Romance-wise, the following ships got at least one work featuring that ship as the sole/primary one: Destiel, Saileen, Midam, Dreamhunter, Dodio, AU Charlie/Stevie, Amara/Rowena. 
Individual character/platonic pair-wise, here are the characters who got at least one work featuring them as the primary character(s): Alex Jones, Bela Talbot, Becky Rosen, Benny Lafitte & Emma Winchester, Bobby Singer & Rufus Turner, Cas & Claire Novak, Cas & Jack Kline, Jack Kline & Amara, Jack & Kelly Kline, Donatello Redfield, Gabriel & Meg, Gadreel, Kaia Nieves, Kevin & Linda Tran, Miracle the Dog. 
(Crowley is also getting his happy ending, but what was supposed to be a short fic is currently at about 10k, so I’ve split that off into a separate project that will be up within a few weeks.) 

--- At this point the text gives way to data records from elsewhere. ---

(* Let $R=(r_n)_{n\in\mathbb{N}}$ be an enumerated countably infinite reference set with magnum $\theta_R\in\mathbf{Nn}$, and let $A,B$ be infinite subsets of $R$ with the orderings inherited from $R$. Then $m(B\mid A)=m(A\mid B)$.
   Context: $\mathbb{N}=\{1,2,3,\dots\}$, $\mathbb{N}_0=\mathbb{N}\cup\{0\}$. $\mathbf{No}$ denotes Conway's ordered field of surreal numbers, $\omega$ its first infinite element. An omnific integer is a surreal $x$ with $x=\{x-1\mid x+1\}$; $\mathbf{Nn}$ (surnatural numbers) is the class of nonnegative omnific integers. For $f,g:\mathbb{N}\to\mathbb{N}_0$, $f\overset{\to}{=}g$ means $f(n)=g(n)$ for all $n\ge N$ for some $N$; $f\overset{\to}{<}g$ means $f(n)<g(n)$ for all $n\ge N$ for some $N$. Axiom of Extension (standing assumption): every nondecreasing $f:\mathbb{N}\to\mathbb{N}_0$ has an extension $\hat f:\mathbf{Nn}\to\mathbf{Nn}$ with $\hat f(n)=f(n)$ for $n\in\mathbb{N}$, such that for nondecreasing $f,g$: $f\overset{\to}{=}g\Rightarrow\hat f(\nu)=\hat g(\nu)$ for all $\nu\in\mathbf{Nn}\setminus\mathbb{N}$; $f\overset{\to}{<}g\Rightarrow\hat f(\nu)<\hat g(\nu)$ for all $\nu\in\mathbf{Nn}\setminus\mathbb{N}$; and $\widehat{f+g}=\hat f+\hat g$, $\widehat{f\cdot g}=\hat f\cdot\hat g$, $\widehat{f\circ g}=\hat f\circ\hat g$ where defined. Relative counting: if $S=(s_n)_{n\in\mathbb{N}}$ is an infinite enumerated set and $T$ any set, $\chi_{T|S}(n)=1$ if $s_n\in T$ and $0$ otherwise, and $\kappa_{T|S}(n)=\sum_{k=1}^n\chi_{T|S}(k)$. Subsets of $R$ are enumerated in the order inherited from $R$. Set $\theta_A:=\hat{\kappa_{A|R}}(\theta_R)$ and $\theta_B:=\hat{\kappa_{B|R}}(\theta_R)$ (the magnums of $A$, $B$). The magnum of $B$ in $A$ is $m(B\mid A):=\hat{\kappa_{B|A}}(\theta_A)$, and $m(A\mid B):=\hat{\kappa_{A|B}}(\theta_B)$. *)

theory Defs
  imports Main "HOL-Library.Infinite_Set"
begin

text \<open>Functions N -> N0 are modelled as nat => nat; the value at 0 is irrelevant junk.\<close>

definition nondecr :: "(nat \<Rightarrow> nat) \<Rightarrow> bool" where
  "nondecr f \<longleftrightarrow> (\<forall>m n. 1 \<le> m \<longrightarrow> m \<le> n \<longrightarrow> f m \<le> f n)"

definition ev_eq :: "(nat \<Rightarrow> nat) \<Rightarrow> (nat \<Rightarrow> nat) \<Rightarrow> bool" where
  "ev_eq f g \<longleftrightarrow> (\<exists>N. \<forall>n\<ge>N. f n = g n)"

definition ev_less :: "(nat \<Rightarrow> nat) \<Rightarrow> (nat \<Rightarrow> nat) \<Rightarrow> bool" where
  "ev_less f g \<longleftrightarrow> (\<exists>N. \<forall>n\<ge>N. f n < g n)"

text \<open>The type 'a plays the role of the surnaturals Nn; of_nat embeds N0.
  An element is infinite if it is not (the image of) a natural number.\<close>

definition infinite_nn :: "'a::linordered_semidom \<Rightarrow> bool" where
  "infinite_nn \<nu> \<longleftrightarrow> \<nu> \<notin> range (of_nat :: nat \<Rightarrow> 'a)"

definition axiom_of_extension :: "((nat \<Rightarrow> nat) \<Rightarrow> 'a::linordered_semidom \<Rightarrow> 'a) \<Rightarrow> bool" where
  "axiom_of_extension ext \<longleftrightarrow>
     (\<forall>f g. (\<forall>n\<ge>1. f n = g n) \<longrightarrow> ext f = ext g) \<and>
     (\<forall>f. nondecr f \<longrightarrow> (\<forall>n\<ge>1. ext f (of_nat n) = of_nat (f n))) \<and>
     (\<forall>f g. nondecr f \<longrightarrow> nondecr g \<longrightarrow> ev_eq f g \<longrightarrow>
        (\<forall>\<nu>. infinite_nn \<nu> \<longrightarrow> ext f \<nu> = ext g \<nu>)) \<and>
     (\<forall>f g. nondecr f \<longrightarrow> nondecr g \<longrightarrow> ev_less f g \<longrightarrow>
        (\<forall>\<nu>. infinite_nn \<nu> \<longrightarrow> ext f \<nu> < ext g \<nu>)) \<and>
     (\<forall>f g. nondecr f \<longrightarrow> nondecr g \<longrightarrow>
        ext (\<lambda>n. f n + g n) = (\<lambda>\<nu>. ext f \<nu> + ext g \<nu>)) \<and>
     (\<forall>f g. nondecr f \<longrightarrow> nondecr g \<longrightarrow>
        ext (\<lambda>n. f n * g n) = (\<lambda>\<nu>. ext f \<nu> * ext g \<nu>)) \<and>
     (\<forall>f g. nondecr f \<longrightarrow> nondecr g \<longrightarrow> (\<forall>n\<ge>1. g n \<ge> 1) \<longrightarrow>
        ext (f \<circ> g) = ext f \<circ> ext g)"

definition chi :: "(nat \<Rightarrow> 'b) \<Rightarrow> 'b set \<Rightarrow> nat \<Rightarrow> nat" where
  "chi s T n = (if s n \<in> T then 1 else 0)"

definition kappa :: "(nat \<Rightarrow> 'b) \<Rightarrow> 'b set \<Rightarrow> nat \<Rightarrow> nat" where
  "kappa s T n = (\<Sum>k=1..n. chi s T k)"

text \<open>Enumeration of a subset A of R = (r_n)_{n>=1} in the order inherited from R
  (1-indexed; enumerate is 0-indexed).\<close>

definition sub_enum :: "(nat \<Rightarrow> 'b) \<Rightarrow> 'b set \<Rightarrow> nat \<Rightarrow> 'b" where
  "sub_enum r A n = r (enumerate {k. 1 \<le> k \<and> r k \<in> A} (n - 1))"

definition magnum :: "((nat \<Rightarrow> nat) \<Rightarrow> 'a \<Rightarrow> 'a) \<Rightarrow> (nat \<Rightarrow> 'b) \<Rightarrow> 'a \<Rightarrow> 'b set \<Rightarrow> 'a" where
  "magnum ext r thetaR A = ext (kappa r A) thetaR"

definition rel_magnum :: "((nat \<Rightarrow> nat) \<Rightarrow> 'a \<Rightarrow> 'a) \<Rightarrow> (nat \<Rightarrow> 'b) \<Rightarrow> 'a \<Rightarrow> 'b set \<Rightarrow> 'b set \<Rightarrow> 'a" where
  "rel_magnum ext r thetaR B A = ext (kappa (sub_enum r A) B) (magnum ext r thetaR A)"

end

theory Submission
  imports Defs
begin

text \<open>Counting the elements of B among the first \<open>\<kappa>_{A|R}(n)\<close> elements of A is the same as
  counting the elements of \<open>A \<inter> B\<close> among the first n elements of R, i.e.
  \<open>\<kappa>_{B|A} \<circ> \<kappa>_{A|R} = \<kappa>_{A\<inter>B|R}\<close>. The extension operator respects composition, so
  \<open>m(B | A) = \<theta>_{A\<inter>B}\<close>, which is symmetric in A and B.\<close>

lemma kappa_0 [simp]: "kappa s T 0 = 0"
  by (simp add: kappa_def)

lemma kappa_Suc: "kappa s T (Suc n) = kappa s T n + chi s T (Suc n)"
  by (simp add: kappa_def)

lemma kappa_mono: "m \<le> n \<Longrightarrow> kappa s T m \<le> kappa s T n"
  unfolding kappa_def by (rule sum_mono2) auto

lemma nondecr_kappa: "nondecr (kappa s T)"
  by (simp add: nondecr_def kappa_mono)

lemma kappa_eq_card: "kappa s T n = card {k \<in> {k. 1 \<le> k \<and> s k \<in> T}. k < Suc n}"
proof (induction n)
  case 0
  then show ?case by simp
next
  case (Suc n)
  have "{k \<in> {k. 1 \<le> k \<and> s k \<in> T}. k < Suc (Suc n)}
      = (if s (Suc n) \<in> T then insert (Suc n) else id) {k \<in> {k. 1 \<le> k \<and> s k \<in> T}. k < Suc n}"
    by (auto simp: less_Suc_eq)
  then show ?case
    using Suc by (simp add: kappa_Suc chi_def)
qed

lemma kappa_pos:
  assumes "1 \<le> m" "s m \<in> T" "m \<le> n"
  shows "1 \<le> kappa s T n"
proof -
  obtain m' where "m = Suc m'" using assms(1) by (cases m) auto
  then have "1 \<le> kappa s T m" using assms(2) by (simp add: kappa_Suc chi_def)
  also have "\<dots> \<le> kappa s T n" using assms(3) by (rule kappa_mono)
  finally show ?thesis .
qed

lemma enumerate_card_less:
  fixes S :: "nat set"
  assumes S: "infinite S" and m: "m \<in> S"
  shows "enumerate S (card {k \<in> S. k < m}) = m"
proof -
  obtain j where j: "enumerate S j = m" using enumerate_Ex[OF S m] by blast
  have "{k \<in> S. k < m} = enumerate S ` {..<j}"
  proof
    show "{k \<in> S. k < m} \<subseteq> enumerate S ` {..<j}"
    proof
      fix k assume k: "k \<in> {k \<in> S. k < m}"
      then obtain i where i: "enumerate S i = k" using enumerate_Ex[OF S] by blast
      with k j S have "i < j" by auto
      with i show "k \<in> enumerate S ` {..<j}" by auto
    qed
    show "enumerate S ` {..<j} \<subseteq> {k \<in> S. k < m}"
      using S j by (auto intro: enumerate_in_set)
  qed
  moreover have "card (enumerate S ` {..<j}) = j"
    using inj_enumerate[OF S] by (simp add: card_image inj_on_subset)
  ultimately show ?thesis using j by simp
qed

lemma infinite_index_set:
  assumes "A \<subseteq> r ` {1..}" and "infinite A"
  shows "infinite {k. 1 \<le> k \<and> r k \<in> A}"
proof -
  have "A \<subseteq> r ` {k. 1 \<le> k \<and> r k \<in> A}" using assms(1) by auto
  then show ?thesis using assms(2) finite_surj by blast
qed

text \<open>An element \<open>r (n + 1) \<in> A\<close> is preceded in A by exactly \<open>\<kappa>_{A|R}(n)\<close> elements.\<close>

lemma sub_enum_Suc_kappa:
  assumes "infinite {k. 1 \<le> k \<and> r k \<in> A}" and "r (Suc n) \<in> A"
  shows "sub_enum r A (Suc (kappa r A n)) = r (Suc n)"
  using enumerate_card_less[OF assms(1)] assms(2) by (simp add: sub_enum_def kappa_eq_card)

lemma kappa_sub_enum_kappa:
  assumes "infinite {k. 1 \<le> k \<and> r k \<in> A}"
  shows "kappa (sub_enum r A) B (kappa r A n) = kappa r (A \<inter> B) n"
proof (induction n)
  case 0
  then show ?case by simp
next
  case (Suc n)
  then show ?case
    using sub_enum_Suc_kappa[OF assms] by (simp add: kappa_Suc chi_def)
qed

lemma ext_eq_if_ev_eq:
  assumes "axiom_of_extension ext" "nondecr f" "nondecr g" "ev_eq f g" "infinite_nn \<nu>"
  shows "ext f \<nu> = ext g \<nu>"
  using assms unfolding axiom_of_extension_def by blast

lemma ext_comp:
  assumes "axiom_of_extension ext" "nondecr f" "nondecr g" "\<forall>n\<ge>1. 1 \<le> g n"
  shows "ext (f \<circ> g) = ext f \<circ> ext g"
  using assms unfolding axiom_of_extension_def by blast

text \<open>At infinite arguments the composition rule only needs the inner function to be eventually
  positive: replace \<open>g\<close> by \<open>max 1 \<circ> g\<close>, which is invisible to \<open>ext\<close> there.\<close>

lemma ext_comp_eventually:
  assumes ax: "axiom_of_extension ext"
    and f: "nondecr f" and g: "nondecr g" and h: "nondecr h"
    and g_pos: "\<And>n. N \<le> n \<Longrightarrow> 1 \<le> g n"
    and fg_h: "ev_eq (\<lambda>n. f (g n)) h"
    and \<nu>: "infinite_nn \<nu>"
  shows "ext f (ext g \<nu>) = ext h \<nu>"
proof -
  define g' where "g' n = max 1 (g n)" for n
  have g': "nondecr g'"
    using g unfolding g'_def nondecr_def by (meson max.mono order_refl)
  have fg': "nondecr (f \<circ> g')"
    using f g' unfolding nondecr_def g'_def by simp
  have "ev_eq g g'"
    unfolding ev_eq_def g'_def using g_pos by (auto simp: max_def)
  then have "ext f (ext g \<nu>) = ext f (ext g' \<nu>)"
    using ext_eq_if_ev_eq[OF ax g g' _ \<nu>] by simp
  also have "\<dots> = ext (f \<circ> g') \<nu>"
    using ext_comp[OF ax f g'] by (simp add: g'_def)
  also have "\<dots> = ext h \<nu>"
  proof (rule ext_eq_if_ev_eq[OF ax fg' h _ \<nu>])
    from fg_h obtain M where "\<forall>n\<ge>M. f (g n) = h n" by (auto simp: ev_eq_def)
    then have "\<forall>n\<ge>max M N. (f \<circ> g') n = h n"
      using g_pos by (simp add: g'_def max_absorb2)
    then show "ev_eq (f \<circ> g') h" unfolding ev_eq_def by blast
  qed
  finally show ?thesis .
qed

lemma rel_magnum_eq_magnum_Int:
  assumes ax: "axiom_of_extension ext" and \<theta>: "infinite_nn thetaR"
    and "A \<subseteq> r ` {1..}" and "infinite A"
  shows "rel_magnum ext r thetaR B A = magnum ext r thetaR (A \<inter> B)"
proof -
  have S: "infinite {k. 1 \<le> k \<and> r k \<in> A}"
    using assms(3,4) by (rule infinite_index_set)
  then obtain m where m: "1 \<le> m" "r m \<in> A" using not_finite_existsD by blast
  have "ext (kappa (sub_enum r A) B) (ext (kappa r A) thetaR) = ext (kappa r (A \<inter> B)) thetaR"
  proof (rule ext_comp_eventually[OF ax nondecr_kappa nondecr_kappa nondecr_kappa _ _ \<theta>])
    show "\<And>n. m \<le> n \<Longrightarrow> 1 \<le> kappa r A n" using m by (rule kappa_pos)
    show "ev_eq (\<lambda>n. kappa (sub_enum r A) B (kappa r A n)) (kappa r (A \<inter> B))"
      unfolding ev_eq_def using kappa_sub_enum_kappa[OF S] by simp
  qed
  then show ?thesis by (simp add: rel_magnum_def magnum_def)
qed

theorem theorem7p2:
  fixes ext :: "(nat \<Rightarrow> nat) \<Rightarrow> 'a::linordered_semidom \<Rightarrow> 'a"
    and r :: "nat \<Rightarrow> 'b" and thetaR :: 'a and A B :: "'b set"
  assumes "axiom_of_extension ext"
    and "inj_on r {1..}"
    and "infinite_nn thetaR"
    and "A \<subseteq> r ` {1..}" and "B \<subseteq> r ` {1..}"
    and "infinite A" and "infinite B"
  shows "rel_magnum ext r thetaR B A = rel_magnum ext r thetaR A B"
proof -
  have "rel_magnum ext r thetaR B A = magnum ext r thetaR (A \<inter> B)"
    using assms(1,3,4,6) by (rule rel_magnum_eq_magnum_Int)
  also have "\<dots> = rel_magnum ext r thetaR A B"
    using rel_magnum_eq_magnum_Int[OF assms(1,3,5,7)] by (simp add: Int_commute)
  finally show ?thesis .
qed

end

Lastly, some honorable mentions/characters that got their happy endings in minor roles in other fics: Alicia & Max Banes, Aaron Bass, AU Bobby Singer, Ellen & Jo Harvelle & Ash, Jenny the Vampire (well...not happy for her: I managed to kill her off twice in two separate fics and in ways that were infinitely more satisfying than in canon and was very happy about it 😄).
All fics are canonverse fix-its and are listed below the cut, grouped roughly by primary ship/featured character(s) and with summaries, approximate word counts, and links to Ao3 when cross-posting occurred. 
I hope these bring as much closure to those who read them as they did to me while I wrote them, and if they make you feel any sort of way, I’d love to hear about it via likes/comments/reblogs/asks! 💙
Begin and End There [T, ~5.5k words, Cas & Jack, Destiel]
After the Empty takes him, Castiel wakes up in the last place he expected, with a second chance at happiness when he reunites with Dean and the latter finally gets to speak his truth. (read on Ao3 or tumblr [part 1] [part 2])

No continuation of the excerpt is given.